Minn.Stat. § 268.09, subd. 1(1) (1986). While this definition is not specifically applicable to cases involving employee misconduct, it does provide some guidance in determining what the legislature considers "sexual harassment." A similar definition of sexual harassment is found within the statutes governing the Department of Human Rights:

"Sexual harassment" includes unwelcome sexual advances, requests for sexual favors, sexually motivated physical contact or other verbal or physical conduct or communication of a sexual nature[.]

Minn.Stat. § 363.01, subd. 10a (1986).

Here, the Commissioner's representative found that Gradine's actions simply did not rise to the level of sexual harassment.
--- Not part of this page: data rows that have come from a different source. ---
(* Let $G=G_1\ast\cdots\ast G_n$ be a free product of finitely many nontrivial finite groups and let $L(G)$ be the complex defined in the context, with the action of $\Sigma Aut(G)=Aut(G)$. Then the stabilizer in $\Sigma Aut(G)$ of any simplex of $L(G)$ is finite.
   Context: Since the $G_i$ are finite, every automorphism of $G$ is symmetric, i.e. maps each $G_i$ to a conjugate of some $G_j$; $\Sigma Aut(G)=Aut(G)$. A basis of $G$ is a set $\mathcal{H}=\{H_1,\dots,H_n\}$ of subgroups with $H_i$ conjugate to $G_i$ and $G=H_1\ast\cdots\ast H_n$. A pointed labelled tree is a finite bipartite tree whose vertices are labelled (labels $\ast$ and the members of the basis, each once) or unlabelled, each edge joining a labelled and an unlabelled vertex, unlabelled vertices of valence at least 2, $\ast$ of valence 1. For a labelled vertex $k$, the petals at $k$ are the label sets of components of $T-\{k\}$, forming a partition $\underline{\underline{A}}(k)$; the tree is identified with the family $\underline{\underline{A}}$. $\underline{\underline{A}}\le\underline{\underline{B}}$ means every petal of each $\underline{\underline{A}}(k)$ is a union of petals of $\underline{\underline{B}}(k)$. For a basis $\mathcal{H}$, a factor index $k$ and $x_j\in H_k$ ($x_k=1$), the symmetric Whitehead automorphism $(\mathcal{H},x)$ acts on $H_j$ by $h\mapsto x_jhx_j^{-1}$ and trivially on $H_k$; it is carried by $(\mathcal{H},\underline{\underline{A}})$ if $x$ is constant on petals of $\underline{\underline{A}}(k)$ and trivial on the petal containing $\ast$. Pairs $(\mathcal{H},\underline{\underline{A}})$ and $(\rho(\mathcal{H}),\underline{\underline{A}})$ (labels transported along $\rho$), $\rho$ a product of symmetric Whitehead automorphisms carried by $(\mathcal{H},\underline{\underline{A}})$, are identified; classes $[\mathcal{H},\underline{\underline{A}}]$ are ordered by: $[\mathcal{H},\underline{\underline{A}}]\le[\mathcal{K},\underline{\underline{B}}]$ iff they have representatives with a common basis and trees $\underline{\underline{A}}\le\underline{\underline{B}}$. $L(G)$ is the realization of this poset, and $\phi\in Aut(G)$ acts by $\phi\cdot[\mathcal{H},\underline{\underline{A}}]=[\phi(\mathcal{H}),\phi(\underline{\underline{A}})]$, relabelling each vertex labelled $H$ by $\phi(H)$. *)

theory Defs
  imports "HOL-Algebra.Algebra"
begin

definition Aut :: "('a, 'b) monoid_scheme \<Rightarrow> ('a \<Rightarrow> 'a) set" where
  "Aut G = {\<phi>. \<phi> \<in> iso G G \<and> \<phi> \<in> extensional (carrier G)}"

definition reduced_word ::
  "('a, 'b) monoid_scheme \<Rightarrow> ('i \<Rightarrow> 'a set) \<Rightarrow> 'i set \<Rightarrow> ('i \<times> 'a) list \<Rightarrow> bool" where
  "reduced_word G F I w \<longleftrightarrow>
     (\<forall>(i, g) \<in> set w. i \<in> I \<and> g \<in> F i \<and> g \<noteq> \<one>\<^bsub>G\<^esub>) \<and>
     (\<forall>j. Suc j < length w \<longrightarrow> fst (w ! j) \<noteq> fst (w ! Suc j))"

definition word_prod :: "('a, 'b) monoid_scheme \<Rightarrow> ('i \<times> 'a) list \<Rightarrow> 'a" where
  "word_prod G w = foldr (\<lambda>x y. x \<otimes>\<^bsub>G\<^esub> y) (map snd w) \<one>\<^bsub>G\<^esub>"

definition is_free_product :: "('a, 'b) monoid_scheme \<Rightarrow> ('i \<Rightarrow> 'a set) \<Rightarrow> 'i set \<Rightarrow> bool" where
  "is_free_product G F I \<longleftrightarrow> group G \<and> (\<forall>i\<in>I. subgroup (F i) G) \<and>
     (\<forall>g \<in> carrier G. \<exists>!w. reduced_word G F I w \<and> word_prod G w = g)"

definition conj_set :: "('a, 'b) monoid_scheme \<Rightarrow> 'a \<Rightarrow> 'a set \<Rightarrow> 'a set" where
  "conj_set G g H = (\<lambda>h. g \<otimes>\<^bsub>G\<^esub> h \<otimes>\<^bsub>G\<^esub> inv\<^bsub>G\<^esub> g) ` H"

definition is_basis ::
  "('a, 'b) monoid_scheme \<Rightarrow> nat \<Rightarrow> (nat \<Rightarrow> 'a set) \<Rightarrow> 'a set set \<Rightarrow> bool" where
  "is_basis G n Gf \<H> \<longleftrightarrow> (\<exists>H. \<H> = H ` {..<n} \<and>
      (\<forall>i<n. \<exists>g\<in>carrier G. H i = conj_set G g (Gf i)) \<and> is_free_product G H {..<n})"

datatype 'a lbl = Star | Fac "'a set"

text \<open>A finite graph on vertex set V (natural numbers), edge set E of 2-element sets,
  partial labelling lab (None = unlabelled).\<close>

definition adj_rel :: "nat set \<Rightarrow> nat set set \<Rightarrow> (nat \<times> nat) set" where
  "adj_rel W E = {(u, v). u \<in> W \<and> v \<in> W \<and> {u, v} \<in> E}"

definition valence :: "nat set set \<Rightarrow> nat \<Rightarrow> nat" where
  "valence E u = card {e \<in> E. u \<in> e}"

definition is_tree :: "nat set \<Rightarrow> nat set set \<Rightarrow> bool" where
  "is_tree V E \<longleftrightarrow> finite V \<and> V \<noteq> {} \<and>
     E \<subseteq> {{u, v} | u v. u \<in> V \<and> v \<in> V \<and> u \<noteq> v} \<and>
     (\<forall>u\<in>V. \<forall>v\<in>V. (u, v) \<in> (adj_rel V E)\<^sup>*) \<and>
     card E + 1 = card V"

definition pointed_labelled_tree ::
  "'a lbl set \<Rightarrow> nat set \<Rightarrow> nat set set \<Rightarrow> (nat \<Rightarrow> 'a lbl option) \<Rightarrow> bool" where
  "pointed_labelled_tree Lb V E lab \<longleftrightarrow>
     is_tree V E \<and> Star \<in> Lb \<and>
     (\<forall>u\<in>V. \<forall>l. lab u = Some l \<longrightarrow> l \<in> Lb) \<and>
     (\<forall>l\<in>Lb. \<exists>!u. u \<in> V \<and> lab u = Some l) \<and>
     (\<forall>e\<in>E. \<exists>u v. e = {u, v} \<and> lab u \<noteq> None \<and> lab v = None) \<and>
     (\<forall>u\<in>V. lab u = None \<longrightarrow> valence E u \<ge> 2) \<and>
     (\<forall>u\<in>V. lab u = Some Star \<longrightarrow> valence E u = 1)"

definition component_minus :: "nat set \<Rightarrow> nat set set \<Rightarrow> nat \<Rightarrow> nat \<Rightarrow> nat set" where
  "component_minus V E u v = {w. (v, w) \<in> (adj_rel (V - {u}) E)\<^sup>*}"

definition labels_of :: "(nat \<Rightarrow> 'a lbl option) \<Rightarrow> nat set \<Rightarrow> 'a lbl set" where
  "labels_of lab C = {l. \<exists>w\<in>C. lab w = Some l}"

text \<open>The family of petals: for each label k, the partition of the remaining labels
  given by the label sets of the components of T - {k}.\<close>
definition petal_family ::
  "nat set \<Rightarrow> nat set set \<Rightarrow> (nat \<Rightarrow> 'a lbl option) \<Rightarrow> 'a lbl \<Rightarrow> 'a lbl set set" where
  "petal_family V E lab k =
     {labels_of lab (component_minus V E u v) | u v. u \<in> V \<and> lab u = Some k \<and> v \<in> V - {u}}"

definition tree_family :: "'a lbl set \<Rightarrow> ('a lbl \<Rightarrow> 'a lbl set set) \<Rightarrow> bool" where
  "tree_family Lb A \<longleftrightarrow>
     (\<exists>V E lab. pointed_labelled_tree Lb V E lab \<and> A = petal_family V E lab)"

definition tree_le :: "('a lbl \<Rightarrow> 'a lbl set set) \<Rightarrow> ('a lbl \<Rightarrow> 'a lbl set set) \<Rightarrow> bool" where
  "tree_le A B \<longleftrightarrow> (\<forall>k. \<forall>P\<in>A k. \<exists>S\<subseteq>B k. P = \<Union>S)"

definition basis_labels :: "'a set set \<Rightarrow> 'a lbl set" where
  "basis_labels \<H> = insert Star (Fac ` \<H>)"

fun map_lbl :: "('a \<Rightarrow> 'a) \<Rightarrow> 'a lbl \<Rightarrow> 'a lbl" where
  "map_lbl f Star = Star"
| "map_lbl f (Fac H) = Fac (f ` H)"

definition relabel_fam ::
  "('a \<Rightarrow> 'a) \<Rightarrow> ('a lbl \<Rightarrow> 'a lbl set set) \<Rightarrow> 'a lbl \<Rightarrow> 'a lbl set set" where
  "relabel_fam f A l' = \<Union>{(\<lambda>P. map_lbl f ` P) ` A l | l. map_lbl f l = l'}"

definition whitehead_carried ::
  "('a, 'b) monoid_scheme \<Rightarrow> 'a set set \<Rightarrow> ('a lbl \<Rightarrow> 'a lbl set set) \<Rightarrow> ('a \<Rightarrow> 'a) \<Rightarrow> bool" where
  "whitehead_carried G \<H> A \<phi> \<longleftrightarrow>
     (\<exists>K\<in>\<H>. \<exists>x :: 'a set \<Rightarrow> 'a.
        x K = \<one>\<^bsub>G\<^esub> \<and> (\<forall>H\<in>\<H>. x H \<in> K) \<and>
        (\<forall>P\<in>A (Fac K). \<forall>H1 H2. Fac H1 \<in> P \<longrightarrow> Fac H2 \<in> P \<longrightarrow> x H1 = x H2) \<and>
        (\<forall>P\<in>A (Fac K). Star \<in> P \<longrightarrow> (\<forall>H. Fac H \<in> P \<longrightarrow> x H = \<one>\<^bsub>G\<^esub>)) \<and>
        \<phi> \<in> Aut G \<and>
        (\<forall>H\<in>\<H>. \<forall>h\<in>H. \<phi> h = x H \<otimes>\<^bsub>G\<^esub> h \<otimes>\<^bsub>G\<^esub> inv\<^bsub>G\<^esub> (x H)))"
In challenging the Commissioner's determination, the college raises questions of both fact and law.

(a) Factual Issues

With regard to factual issues, this court's scope of review is, limited. Viewing the evidence in the light most favorable to the Commissioner's findings, we must determine whether there is evidence sufficient to sustain those findings. White v. Metropolitan Medical Center, 332 N.W.2d 25, 26 (Minn. 1983). Specifically, questions regarding the credibility of witnesses are to be determined by the Commissioner, and this court may not substitute its judgment, but should defer to the Commissioner's determinations. Cary v. Custom Coach, Inc., 349 N.W.2d 331, 332 (Minn.Ct.App. 1984). The Commissioner's findings, and not those of the referee, are the subject of this court's review. Tester v. Jefferson Lines, 358 N.W.2d 143, 145 (Minn.Ct.App. 1984), pet. for rev. denied (Minn. Mar. 13, 1985). An employer has the burden of proving that an employee is guilty of misconduct disqualifying him from the receipt of unemployment compensation benefits. Lumpkin v. North Central Airlines, Inc., 296 Minn. 456, 459, 209 N.W.2d 397, 400 (1973).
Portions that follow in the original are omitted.